1°) d'annuler l'arrêté du 19 décembre 2023 par lequel la préfète du Val-de-Marne a prononcé son transfert aux autorités autrichiennes, responsables de l'examen de sa demande d'asile ;

2°) d'enjoindre à la préfète du Val-de-Marne de lui remettre une attestation de demande d'asile en procédure normale dans un délai de quinze jours, sous astreinte de deux cents euros par jour de retard ;

3°) de l'admettre au bénéfice de l'aide juridictionnelle ;

4°) de mettre à la charge de l'État une somme de 1 500 euros en application des articles L. 761-1 du code de justice administrative et 37 de la loi du 10 juillet 1991.

M. A soutient, dans le dernier état de ses écritures, que la décision portant transfert :

- est insuffisamment motivée, traduisant un défaut d'examen sérieux et complet de sa situation ;

- est entachée d'un vice de procédure résultant de la méconnaissance des articles 4 du règlement n°604/2013 et 29 du règlement n° 603/2013 ;

- est entachée d'un vice de procédure résultant de la méconnaissance de l'article 5 du règlement n°604/2013 ;

- est entachée d'une erreur de fait, d'une erreur de droit et d'un défaut de base légale entachant la procédure de détermination de l'État responsable de l'examen de la demande d'asile ;

- est entachée d'une erreur manifeste d'appréciation tirée de la non-application de l'article 3, paragraphe 2 du règlement n° 604/2013 ;

- est entachée d'une erreur manifeste d'appréciation tirée de la non-application de l'article 17 du règlement n° 604/2013.

La requête a été communiquée à la préfète du Val-de-Marne, représentée par le cabinet Actis Avocats, qui n'a pas présenté de mémoire en défense mais qui a communiqué des pièces enregistrées le 24 juin 2024.

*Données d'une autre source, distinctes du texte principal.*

text \<open>
The Wasserstein distance is squeezed between \<open>|\<mu>(S) - \<nu>(S)|\<close> for every vertex set S
(indicators are 1-Lipschitz, as distinct vertices have distance at least 1) and the diameter
times the \<open>l1\<close> distance of \<open>\<mu>\<close> and \<open>\<nu>\<close> (leave the common mass in place, move only the
excess).

Convergence: if every vertex of a set S reaches a fixed vertex b in exactly m steps of the
walk, then m steps shrink the \<open>l1\<close> norm of every signed measure of total mass 0 living on S
by a fixed factor \<open>< 1\<close> (a Doeblin argument). For a lazy walk, or on a non-bipartite graph,
this applies with S = V, so both walks converge to the stationary distribution
\<open>deg / 2|E|\<close>. For two non-lazy walks on a bipartite graph started an even distance apart it
applies to the side of the bipartition containing both starting points.

Divergence: a walk with laziness 1 never moves, while one with laziness \<open>\<alpha> < 1\<close> keeps at
most \<open>\<alpha> p + (1 - \<alpha>)(1 - p)\<close> at a vertex of mass p. On a bipartite graph a non-lazy walk
alternates between the two sides; a lazy walk keeps a fraction \<open>\<beta>\<close> of its mass on each side,
and a non-lazy walk started at odd distance is always on the other side.
\<close>

lemma walk_snoc: "walk R n a b \<Longrightarrow> R b c \<Longrightarrow> walk R (Suc n) a c"
  by (induction rule: walk.induct) (auto intro: walk.intros)

lemma walk_append: "walk R n a b \<Longrightarrow> walk R k b c \<Longrightarrow> walk R (n + k) a c"
  by (induction rule: walk.induct) (auto intro: walk.intros)

lemma walk_mono: "walk R n a b \<Longrightarrow> (\<And>x y. R x y \<Longrightarrow> R' x y) \<Longrightarrow> walk R' n a b"
  by (induction rule: walk.induct) (auto intro: walk.intros)

lemma walk_0_eq: "walk R 0 a b \<Longrightarrow> a = b"
  by (auto elim: walk.cases)

lemma walk_add_loops: "(\<And>x. R x x) \<Longrightarrow> walk R n a b \<Longrightarrow> walk R (k + n) a b"
  by (induction k) (auto intro: walk.intros)

lemma walk_add_even:
  assumes "R b c" "R c b" "walk R n a b" "n \<le> m" "even n = even m"
  shows "walk R m a b"
proof -
  have "even (m - n)" using assms(4,5) by auto
  then obtain k where "m - n = 2 * k" by blast
  then have m: "m = n + 2 * k" using assms(4) by simp
  have "walk R (n + 2 * k) a b" for k
  proof (induction k)
    case (Suc k)
    then have "walk R (Suc (Suc (n + 2 * k))) a b" using assms(1,2) by (meson walk_snoc)
    then show ?case by simp
  qed (use assms(3) in simp)
  then show ?thesis unfolding m .
qed

lemma gdist_refl: "gdist E a a = 0"
  unfolding gdist_def by (simp add: walk0)

lemma walk_parity:
  assumes "\<And>x y. E x y \<Longrightarrow> (x \<in> A \<longleftrightarrow> y \<notin> A)"
  shows "walk E n x y \<Longrightarrow> (y \<in> A \<longleftrightarrow> (x \<in> A \<longleftrightarrow> even n))"
  by (induction rule: walk.induct) (auto dest: assms)

lemma common_even_walk_length:
  assumes "finite S" "R u c" "R c u" and even_walks: "\<And>a. a \<in> S \<Longrightarrow> \<exists>n. even n \<and> walk R n a u"
  shows "\<exists>m>0. \<forall>a\<in>S. walk R m a u"
proof -
  obtain f where f: "\<And>a. a \<in> S \<Longrightarrow> even (f a) \<and> walk R (f a) a u"
    using even_walks by metis
  have "walk R (2 * (\<Sum>a\<in>S. f a) + 2) a u" if "a \<in> S" for a
  proof (rule walk_add_even[where R = R, OF assms(2,3)])
    show "f a \<le> 2 * (\<Sum>a\<in>S. f a) + 2"
      using member_le_sum[OF that _ assms(1), of f] by simp
  qed (use f that in auto)
  then show ?thesis by (intro exI[of _ "2 * (\<Sum>a\<in>S. f a) + 2"]) auto
qed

Vu les autres pièces du dossier.

Vu :

- le règlement (CE) n° 1560/2003 portant modalités d'application du règlement (CE) n° 343/2003 du Conseil établissant les critères et mécanismes de détermination de l'État membre responsable de l'examen d'une demande d'asile présentée dans l'un des États membres par un ressortissant d'un pays tiers, notamment modifié par le règlement d'exécution (UE) n° 118/2014 de la Commission du 30 janvier 2014 ;

- le règlement (UE) n° 604/2013 du Parlement européen et du Conseil du 26 juin 2013 établissant les critères et mécanismes de détermination de l'État membre responsable de l'examen d'une demande de protection internationale introduite dans l'un des États membres par un ressortissant de pays tiers ou un apatride ;

- la loi n° 91-647 du 10 juillet 1991 relative à l'aide juridique ;

- le code de l'entrée et du séjour des étrangers et du droit d'asile ;

- le code de justice administrative.

La présidente du Tribunal a désigné M. Girard-Ratrenaharimanga, premier conseiller, pour statuer sur les requêtes relevant de la procédure prévue aux articles R. 776-13-1 et suivants, R. 776-15, R. 777-1 et suivants, R. 777-2 et suivants et R. 777-3 et suivants du code de justice administrative.

Les parties ont été régulièrement averties du jour de l'audience.

Ont été entendus au cours de l'audience publique :

- le rapport de M. Girard-Ratrenaharimanga ;

- et Me Kerkeni, représentant la préfète du Val-de-Marne, absente, qui conclut au rejet de la requête, aucun des moyens soulevés n'étant fondé.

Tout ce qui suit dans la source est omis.